The fact that the HR Scorecard is all about aligning the Strategic Objectives of firms with their HR
Objectives is reason enough for Gig Economy firms to use the HR Scorecard effectively and efficiently to
determine whether they are fulfilling such objectives.

Optimization of Processes and Efficiencies


Apart from this, the HR Scorecard can also help Gig Economy firms to optimize their processes
better wherein they measure the efficiency of their operations and tally them against the strategic
objectives.

Indeed, considering the fact that the HR Scorecard is used to determine whether the “fit” between the
organizational strategies and the HR Strategies means that Gig Economy firms can benefit from using the
HR Scorecard due to the primacy of Human Resources in the operations of such firms.

While this is also true of the Services sector firms such as Software and Financial Services, it is also the
case that Gig Economy firms can use the HR Scorecard to their advantage. For instance, since
freelancers make up the business model of Gig Economy firms, the HR Scorecard helps such firms to
actualize more efficient management of their human resources in a manner that is consistent with their
larger organizational objectives.
Anticipating Future Risks and Challenges
Having said that, it is also the case that Gig Economy firms can benefit from using the HR Scorecard
to anticipate future risks and challenges. Indeed, this can be done in a manner in which such firms can
understand how future risks arise and how to combat them accordingly.

For instance, if the organizational objective is to know how the future unfolds for such Gig Economy firms,
then the HR Scorecard can be of help in stacking up how the present scenario is and how such scenarios
can be extrapolated into the future to determine the strategic direction of such firms and whether they are
proceeding in ways that would ensure sustained success even in the future.
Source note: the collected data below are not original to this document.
(* Let $n\geqslant 2$, let $A$ be a real symmetric $n\times n$ matrix with eigenvalues $\lambda_1(A)\geqslant\lambda_2(A)\geqslant\dots\geqslant\lambda_n(A)$, and let $X_A:=\{x\in\mathbb{R}^n: xx^\top-A\succeq 0\}$. Then $X_A\neq\emptyset$ if and only if $\lambda_2(A)\leqslant 0$.
   Context: $B\succeq 0$ means the symmetric matrix $B$ is positive semidefinite. *)

theory Defs
  imports "Jordan_Normal_Form.Char_Poly" "HOL-Computational_Algebra.Polynomial" "HOL-Library.Multiset"
begin

text \<open>For a real symmetric n x n matrix all n eigenvalues are real, so this list
  has length n and its entry with index (i - 1) is the i-th largest eigenvalue.\<close>
definition eigvals_desc :: "real mat \<Rightarrow> real list" where
  "eigvals_desc A = rev (sorted_list_of_multiset (proots (char_poly A)))"

definition eig :: "real mat \<Rightarrow> nat \<Rightarrow> real" where
  "eig A i = eigvals_desc A ! (i - 1)"

definition psd :: "real mat \<Rightarrow> bool" where
  "psd B \<longleftrightarrow> B \<in> carrier_mat (dim_row B) (dim_row B) \<and> B\<^sup>T = B \<and>
     (\<forall>v \<in> carrier_vec (dim_row B). v \<bullet> (B *\<^sub>v v) \<ge> 0)"

definition outer :: "real vec \<Rightarrow> real mat" where
  "outer x = mat (dim_vec x) (dim_vec x) (\<lambda>(i, j). x $ i * x $ j)"

definition X_set :: "nat \<Rightarrow> real mat \<Rightarrow> real vec set" where
  "X_set n A = {x \<in> carrier_vec n. psd (outer x - A)}"

end

theory Submission
  imports Defs "HOL-Computational_Algebra.Fundamental_Theorem_Algebra"
begin

(* Write A = Q D Q\<^sup>T with Q orthogonal and D = diag(d\<^sub>1, ..., d\<^sub>n). The matrix x x\<^sup>T - A is
  positive semidefinite iff v\<^sup>T A v \<le> (x \<bullet> v)\<^sup>2 for all v, and in the eigenbasis this asks for a
  vector c with \<Sum>\<^sub>k d\<^sub>k y\<^sub>k\<^sup>2 \<le> (c \<bullet> y)\<^sup>2 for all y. If two eigenvalues d\<^sub>i, d\<^sub>j are positive, a
  vector y supported on {i, j} and orthogonal to c violates this. If only d\<^sub>k can be positive,
  c = sqrt(d\<^sub>k) e\<^sub>k works. Sorting the eigenvalues, "at most one is positive" is exactly
  \<lambda>\<^sub>2 \<le> 0. The spectral theorem itself is proved by induction on n, splitting off a unit
  eigenvector with a Householder reflection. *)

section \<open>The spectral theorem for real symmetric matrices\<close>

lemma conjugate_of_real_mat_mult_vec:
  fixes A :: "real mat" and u :: "complex vec"
  assumes A: "A \<in> carrier_mat n n" and u: "u \<in> carrier_vec n"
  shows "conjugate (map_mat complex_of_real A *\<^sub>v u) = map_mat complex_of_real A *\<^sub>v conjugate u"
proof (rule eq_vecI)
  fix i assume "i < dim_vec (map_mat complex_of_real A *\<^sub>v conjugate u)"
  hence i: "i < n" using A by simp
  let ?r = "row (map_mat complex_of_real A) i"
  have r: "?r \<in> carrier_vec n" and "conjugate ?r = ?r"
    using A i by (auto intro!: eq_vecI)
  hence "conjugate (?r \<bullet> u) = ?r \<bullet> conjugate u"
    using conjugate_sprod_vec[OF r u] by simp
  thus "conjugate (map_mat complex_of_real A *\<^sub>v u) $ i = (map_mat complex_of_real A *\<^sub>v conjugate u) $ i"
    using A u i by simp
qed (use A in auto)

lemma eigenvalue_of_real_symmetric_mat_is_real:
  fixes A :: "real mat" and z :: complex
  assumes A: "A \<in> carrier_mat n n" and sym: "A\<^sup>T = A"
    and z: "eigenvalue (map_mat complex_of_real A) z"
  shows "z \<in> \<real>"
proof -
  let ?Ac = "map_mat complex_of_real A"
  have Ac: "?Ac \<in> carrier_mat n n" and AcT: "?Ac\<^sup>T = ?Ac"
    using A sym by (auto simp: map_mat_transpose)
  obtain u where "eigenvector ?Ac u z" using find_eigenvector[OF Ac z] by blast
  hence u: "u \<in> carrier_vec n" "u \<noteq> 0\<^sub>v n" and Au: "?Ac *\<^sub>v u = z \<cdot>\<^sub>v u"
    unfolding eigenvector_def using Ac by auto
  have "z * (u \<bullet>c u) = (?Ac *\<^sub>v u) \<bullet>c u" using u by (simp add: Au)
  also have "\<dots> = (?Ac\<^sup>T *\<^sub>v u) \<bullet> conjugate u" by (simp add: AcT)
  also have "\<dots> = u \<bullet> (?Ac *\<^sub>v conjugate u)"
    using u by (intro transpose_vec_mult_scalar[OF Ac]) auto
  also have "\<dots> = cnj z * (u \<bullet>c u)"
    using u by (simp flip: conjugate_of_real_mat_mult_vec[OF A] add: Au conjugate_smult_vec)
  finally have "z = cnj z" using u by simp
  thus ?thesis using Reals_cnj_iff by metis
qed

lemma real_symmetric_mat_has_eigenvalue:
  fixes A :: "real mat"
  assumes A: "A \<in> carrier_mat n n" and sym: "A\<^sup>T = A" and n: "n > 0"
  shows "\<exists>e. eigenvalue A e"
proof -
  let ?Ac = "map_mat complex_of_real A"
  have Ac: "?Ac \<in> carrier_mat n n" using A by simp
  have cp: "char_poly ?Ac = map_poly complex_of_real (char_poly A)"
    by (rule of_real_hom.char_poly_hom[OF A])
  have "degree (char_poly ?Ac) = n" using degree_monic_char_poly[OF Ac] by simp
  then obtain z where "poly (char_poly ?Ac) z = 0"
    using n fundamental_theorem_of_algebra constant_degree by (metis neq0_conv)
  hence z: "eigenvalue ?Ac z" using eigenvalue_root_char_poly[OF Ac] by simp
  then obtain e where "z = complex_of_real e"
    using eigenvalue_of_real_symmetric_mat_is_real[OF A sym] Reals_cases by metis
  hence "poly (char_poly A) e = 0"
    using z eigenvalue_root_char_poly[OF Ac] cp by (simp add: of_real_hom.poly_map_poly)
  thus ?thesis using eigenvalue_root_char_poly[OF A] by blast
qed

lemma real_symmetric_mat_unit_eigenvector:
  fixes A :: "real mat"
  assumes A: "A \<in> carrier_mat n n" and sym: "A\<^sup>T = A" and n: "n > 0"
  obtains e v where "v \<in> carrier_vec n" "v \<bullet> v = 1" "A *\<^sub>v v = e \<cdot>\<^sub>v v"
proof -
  obtain e where "eigenvalue A e" using real_symmetric_mat_has_eigenvalue[OF assms] by blast
  then obtain u where "eigenvector A u e" using find_eigenvector[OF A] by blast
  hence u: "u \<in> carrier_vec n" "u \<noteq> 0\<^sub>v n" and Au: "A *\<^sub>v u = e \<cdot>\<^sub>v u"
    unfolding eigenvector_def using A by auto
  have uu: "u \<bullet> u > 0" using conjugate_square_greater_0_vec[OF u(1)] u(2) by simp
  let ?v = "(1 / sqrt (u \<bullet> u)) \<cdot>\<^sub>v u"
  have "?v \<bullet> ?v = 1" using u uu by (simp add: field_simps)
  moreover have "A *\<^sub>v ?v = e \<cdot>\<^sub>v ?v"
    using mult_mat_vec[OF A u(1)] Au by (simp add: smult_smult_assoc mult.commute)
  ultimately show ?thesis using that[of ?v e] u by simp
qed

lemma outer_carrier_mat [simp]: "x \<in> carrier_vec n \<Longrightarrow> outer x \<in> carrier_mat n n"
  by (simp add: outer_def)

lemma transpose_outer [simp]: "(outer x)\<^sup>T = outer x"
  by (auto simp: outer_def)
Using the HR Scorecard with Big Data and AI


Further, using the HR Scorecard in conjunction with technology can be of immense benefit to Gig
Economy firms. For instance, using Big Data and AI or Artificial Intelligence tools, the Gig Economy firms
can anticipate future risks and determine whether they are doing enough to be prepared for the future.

Apart from this, the HR Scorecard can also help Gig Economy firms in understanding the present as well
as looking backward to the past to determine whether they give clues and insights into the future
challenges. Indeed, both Big Data and AI used in conjunction with the HR Scorecard can benefit the Gig
Economy firms to map their strategic direction accordingly.

The HR Scorecard is first and foremost a tool that aligns the HR Function with the larger organizational
strategic objectives. Thus, the HR Scorecard helps in understanding whether the human resources in
firms are optimized and whether they are being used efficiently. Gig Economy firms that thrive on using
human resources can then align both their organizational objectives as well as measure the efficiency of
the human resources against their bottom line imperatives.

Moreover, Gig Economy firms thrive on efficiencies from the economies of scale and the synergies from
the integration of disparate and discrete organizational processes. Using the HR Scorecard would thus
help such firms by spreading the costs against the scale and by integrating their various functions and
processes.

Conclusion
Lastly, the HR Scorecard is extremely useful to any firm and in particular, the Gig Economy firms since
they can now use the same implement those changes that are beneficial to such firms and to discard
obsolete and outdated processes. Indeed, the fact that redundancies can be eliminated or reduced is
one reason why the HR Scorecard does help the Gig Economy firms to optimize their processes
and to make them efficient. To conclude, the future of work is freelancing and this means that we are
going to see more Gig Economy firms and hence, business leaders would be well advised to use the HR
Scorecard to their and their organization’s benefit.